At a private fundraiser recently, Clinton chastised “half of Trump supporters” for holding “racist, sexist, homophobic, [and] Islamophobic” views. She later expressed regret, saying “I was ‘grossly generalistic,’ and that’s never a good idea. I regret saying ‘half’ — that was wrong.”
Clinton has criticized Trump in campaign speeches for his tweets that have commonly used adjectives such as “dopey,” “wacky,” and “very dumb” to describe his critics.
Speaking at Giese Manufacturing in Dubuque, Pence called Trump a “negotiator-in-chief” who would “repeal every Obama executive order that’s stifling jobs and growth.” He pledged Trump would “cut marginal income taxes across the board for working families, small businesses, and working farms,” as well as “lower business tax rates from highest in the world to 15 percent.”
He also praised Iowa Gov.
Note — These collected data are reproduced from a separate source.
(* For every forward trie $\mathsf{T}_f$ with $n$ nodes, over any alphabet, the suffix array of $\mathsf{T}_f$ has size $O(n^2)$. Moreover, there exist forward tries $\mathsf{T}_f$ with $n$ nodes, for arbitrarily large $n$ and over an alphabet of constant size, whose suffix array has size $\Omega(n^2)$.
   Context: An alphabet $\Sigma$ is a finite ordered set of characters. A forward trie $\mathsf{T}_f$ is a rooted tree with $n$ nodes in which every edge is directed from parent to child and labeled by a single character of $\Sigma$, such that the edges leaving any node carry pairwise distinct labels. For nodes $u,v$ with $u$ an ancestor of $v$ (possibly $u=v$), $\mathrm{str}_f(u,v)$ is the string of labels read along the downward path from $u$ to $v$. Define $\mathrm{Suffix}(\mathsf{T}_f)=\{\mathrm{str}_f(u,\ell): \ell \text{ a leaf},\ u \text{ an ancestor of } \ell\}$. For a finite set $S$ of strings, its compact tree is obtained from the trie of all prefixes of strings in $S$ by deleting every non-root node that has exactly one child and merging its two incident edges into one edge labeled by the concatenation of their labels. The suffix tree $\mathsf{STree}(\mathsf{T}_f)$ is the compact tree of $\mathrm{Suffix}(\mathsf{T}_f)$. The suffix array of $\mathsf{T}_f$ is the array listing the leaves of $\mathsf{STree}(\mathsf{T}_f)$ in lexicographic order of the strings they spell; its size is the number of leaves of $\mathsf{STree}(\mathsf{T}_f)$. *)

theory Defs
  imports Complex_Main
begin

text \<open>A forward trie over the alphabet \<Sigma>: finite node set V, root r, parent
  function par (par v is the parent of the non-root node v) and lab v is the label
  of the edge from par v to v.\<close>
definition forward_trie ::
  "'a set \<Rightarrow> 'v set \<Rightarrow> 'v \<Rightarrow> ('v \<Rightarrow> 'v) \<Rightarrow> ('v \<Rightarrow> 'a) \<Rightarrow> bool" where
  "forward_trie \<Sigma> V r par lab \<longleftrightarrow>
     finite \<Sigma> \<and> finite V \<and> r \<in> V \<and>
     (\<forall>v\<in>V. v \<noteq> r \<longrightarrow> par v \<in> V \<and> lab v \<in> \<Sigma>) \<and>
     (\<forall>v\<in>V. \<exists>k. (par ^^ k) v = r) \<and>
     (\<forall>v\<in>V. \<forall>w\<in>V. v \<noteq> r \<and> w \<noteq> r \<and> v \<noteq> w \<and> par v = par w \<longrightarrow> lab v \<noteq> lab w)"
Terry Branstad as “the gold standard of conservative governors in America,” specifically for his economic policy — Iowa added 23,700 jobs in the last year according to a Center for Employment Statistics survey.
Branstad has followed the majority of GOP senators in pledging not to consider Obama’s Supreme Court nomination, which Pence said was “on the ballot in 2016.”
“For the sake of the rule of law, for the sake of the sanctity of life, for the sake of the Second Amendment to the Constitution of the United States, for the sake of all our God-given liberties,” Pence said, the next president “to make appointments to the Supreme Court will be Donald Trump.”